Lacey’s “sir” rode over Gordo’s “aye, retracting the ramp.”
“I have Captain Kirk for you,” Lacey continued.
“On screen,” Cadence said.
The main viewer sparkled then showed James T. Kirk and Captain Spock on the bridge of Enterprise.
“Captain Song, I hear you’re ready to depart,” Kirk said.
“Aye sir, we were just about to call the flight deck,” Cadence replied.
“Clearance will be granted from here, Captain,” Spock said.
Kirk nodded. “We wanted to see you off.”
‘You wanted to give me one last chance to back out,’ Cadence thought.
“Thank you, sir. That means more than you know.”
“Fearless, the deck is clear, you have permission to depart,” Spock said.
Cadence nodded at him. “Thrusters at station keeping, Thrace. Retract the landing gear.”
“Aye sir, thrusters one quarter, landing gear rolling up,” Thrace echoed.
Cadence felt the dull thump of Fearless’ landing gear and the swaying sensation that came with solid fuel thrusters fighting artificial gravity.
“Take us out, Thrace, thrusters only till we clear the deck.”
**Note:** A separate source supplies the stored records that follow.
(* For all $n\ge1$, the number of $2$-element faces of the broken circuit complex of $\mathcal{A}_n$ (with respect to the binary order) is \[ f_1(BC(\mathcal{A}_n))=2S(n+1,3)+3S(n+1,4). \]
   Context: For $n\ge1$, $\mathcal{A}_n$ is the resonance arrangement in $\mathbb{R}^n$ of hyperplanes $H_I=\{x:\sum_{i\in I}x_i=0\}$, $\emptyset\ne I\subseteq[n]$. Binary order: $H_I$ is encoded by $\sum_{j\in I}2^j$ and hyperplanes are linearly ordered by this number. A circuit is a minimally linearly dependent set of hyperplanes (of normal vectors $\chi_I$); a broken circuit is $C\setminus\{H\}$ with $C$ a circuit and $H$ its largest element. The broken circuit complex $BC(\mathcal{A})$ is the simplicial complex of subsets of $\mathcal{A}$ containing no broken circuit, and $f_1$ counts its faces with $2$ elements. $S(n,k)$ denotes the Stirling number of the second kind. *)

theory Defs
  imports Complex_Main "HOL-Combinatorics.Stirling"
begin

text \<open>The resonance arrangement A_n: one hyperplane H_I for each nonempty I \<subseteq> [n] = {1..n};
  we identify H_I with its index set I.\<close>
definition res_hyps :: "nat \<Rightarrow> nat set set" where
  "res_hyps n = {I. I \<subseteq> {1..n} \<and> I \<noteq> {}}"

text \<open>Normal vector chi_I (a vector in R^n, coordinates indexed by 1..n, zero elsewhere).\<close>
definition chi :: "nat set \<Rightarrow> nat \<Rightarrow> real" where
  "chi I j = (if j \<in> I then 1 else 0)"

definition lin_dep :: "nat set set \<Rightarrow> bool" where
  "lin_dep S \<longleftrightarrow> (\<exists>c :: nat set \<Rightarrow> real. (\<exists>I\<in>S. c I \<noteq> 0) \<and>
                     (\<forall>j. (\<Sum>I\<in>S. c I * chi I j) = 0))"

text \<open>Binary order: H_I is encoded by sum of 2^j over j in I.\<close>
definition bin_code :: "nat set \<Rightarrow> nat" where
  "bin_code I = (\<Sum>j\<in>I. 2 ^ j)"

definition circuit :: "nat \<Rightarrow> nat set set \<Rightarrow> bool" where
  "circuit n C \<longleftrightarrow> C \<subseteq> res_hyps n \<and> lin_dep C \<and> (\<forall>D. D \<subset> C \<longrightarrow> \<not> lin_dep D)"

definition broken_circuit :: "nat \<Rightarrow> nat set set \<Rightarrow> bool" where
  "broken_circuit n B \<longleftrightarrow> (\<exists>C H. circuit n C \<and> H \<in> C \<and>
      (\<forall>H'\<in>C. bin_code H' \<le> bin_code H) \<and> B = C - {H})"

definition bc_faces :: "nat \<Rightarrow> nat set set set" where
  "bc_faces n = {F. F \<subseteq> res_hyps n \<and> \<not> (\<exists>B. broken_circuit n B \<and> B \<subseteq> F)}"

definition f1_BC :: "nat \<Rightarrow> nat" where
  "f1_BC n = card {F \<in> bc_faces n. card F = 2}"

end

theory Submission
  imports Defs "HOL-Library.FuncSet"
begin

text \<open>A pair {A, B} of distinct hyperplanes is a face of BC(A_n) exactly when A and B
  intersect. If they are disjoint, {A, B, A \<union> B} is a circuit whose binary-largest element
  is A \<union> B, so {A, B} is itself a broken circuit. If they intersect, a circuit C whose
  broken part lies in {A, B} must contain A and B and a third hyperplane H, and since the binary
  order refines inclusion H is contained in neither A nor B; but then the normal vectors of
  A, B, H are linearly independent. Hence 2 f_1 counts the ordered pairs of distinct
  intersecting subsets of [n], which is 4^n - 3^n - (2^n - 1), and this agrees with the
  closed forms of S(n+1,3) and S(n+1,4).\<close>

lemma Stirling_Suc_3: "2 * int (Stirling (Suc n) 3) = 3 ^ n - 2 ^ Suc n + 1"
proof (induction n)
  case 0
  then show ?case by (simp add: numeral_3_eq_3)
next
  case (Suc n)
  have "Stirling (Suc (Suc n)) 3 = 3 * Stirling (Suc n) 3 + Stirling (Suc n) 2"
    by (simp add: numeral_3_eq_3 numeral_2_eq_2)
  moreover have "int (Stirling (Suc n) 2) = 2 ^ n - 1"
    using Stirling_2[of n] by (simp add: numeral_2_eq_2 of_nat_diff)
  ultimately show ?case
    using Suc by (simp add: algebra_simps)
qed

lemma Stirling_Suc_4: "6 * int (Stirling (Suc n) 4) = 4 ^ n - 3 ^ Suc n + 3 * 2 ^ n - 1"
proof (induction n)
  case 0
  then show ?case by (simp add: numeral_eq_Suc)
next
  case (Suc n)
  have "Stirling (Suc (Suc n)) 4 = 4 * Stirling (Suc n) 4 + Stirling (Suc n) 3"
    by (simp add: numeral_eq_Suc)
  then show ?case
    using Suc Stirling_Suc_3[of n] by (simp add: algebra_simps)
qed

text \<open>A disjoint pair (A, B) of subsets of S is the same as a map S \<rightarrow> {0, 1, 2}
  sending A to 1 and B to 2.\<close>
lemma card_disjoint_subset_pairs:
  assumes "finite S"
  shows "card {(A, B). A \<subseteq> S \<and> B \<subseteq> S \<and> A \<inter> B = {}} = 3 ^ card S"
proof -
  let ?D = "{(A, B). A \<subseteq> S \<and> B \<subseteq> S \<and> A \<inter> B = {}}"
  define g where "g = (\<lambda>f :: 'a \<Rightarrow> nat. ({x\<in>S. f x = 1}, {x\<in>S. f x = 2}))"
  define h where "h = (\<lambda>(A, B). (\<lambda>x. if x \<in> S then if x \<in> A then 1 else if x \<in> B then 2 else 0
                                     else undefined) :: 'a \<Rightarrow> nat)"
  have "bij_betw g (S \<rightarrow>\<^sub>E {0, 1, 2}) ?D"
  proof (rule bij_betw_byWitness[where f' = h])
    show "\<forall>f\<in>S \<rightarrow>\<^sub>E {0, 1, 2}. h (g f) = f"
      by (auto simp: g_def h_def PiE_def extensional_def fun_eq_iff)
    show "\<forall>p\<in>?D. g (h p) = p"
      by (auto simp: g_def h_def)
    show "g ` (S \<rightarrow>\<^sub>E {0, 1, 2}) \<subseteq> ?D"
      by (auto simp: g_def)
    show "h ` ?D \<subseteq> S \<rightarrow>\<^sub>E {0, 1, 2}"
      by (auto simp: h_def split: if_splits)
  qed
  then have "card ?D = card (S \<rightarrow>\<^sub>E {0 :: nat, 1, 2})"
    by (simp add: bij_betw_same_card)
  also have "\<dots> = 3 ^ card S"
    using assms by (simp add: card_PiE numeral_3_eq_3)
  finally show ?thesis .
qed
“May the wind be at your back, Captain. I look forward to our rendezvous in sixty days,” Kirk said.
“Thank you, sir. We’ll see you there,” Cadence replied.
Kirk’s eyes met hers. “See that you do. Enterprise, out.”
The screen faded, to be replaced with an exterior view of George Clinton. “Shields up, half impulse, take us into the nebula and let GC get clear before we go to warp.”
“Aye sir, shields up,” Willow said, touching the controls.
Fearless had triple shielding, a design originally intended for the Star Empire dreadnought class starship. Only one had ever been built, only to be scrapped for being against everything the Federation stood for, but some of the breakthroughs were useful. The redundant shields meant Fearless could take a pounding even Excelsior class ships couldn’t. The down side was power consumption in combat, which was through the roof. Fearless chewed through dilithium the same way tribbles ate cereal.
On screen, the purple-orange swirl of the nebula swam into view. Cardassian space lay on the other side, as did their destination, an asteroid that catered to a less law-abiding class of people. Rumor was that their contact, a Klingon named K’Ratak, could be found there.
“George Clinton signals good luck and God speed, they’re going to warp,” Gordo announced.
Cadence felt the sudden emptiness of the GC crew vanishing, and knew they were gone.
“Take us through the nebula, go to warp two as soon as we’re clear,” she said.
She settled back into her seat and folded her hands. Come what may, they were on their own.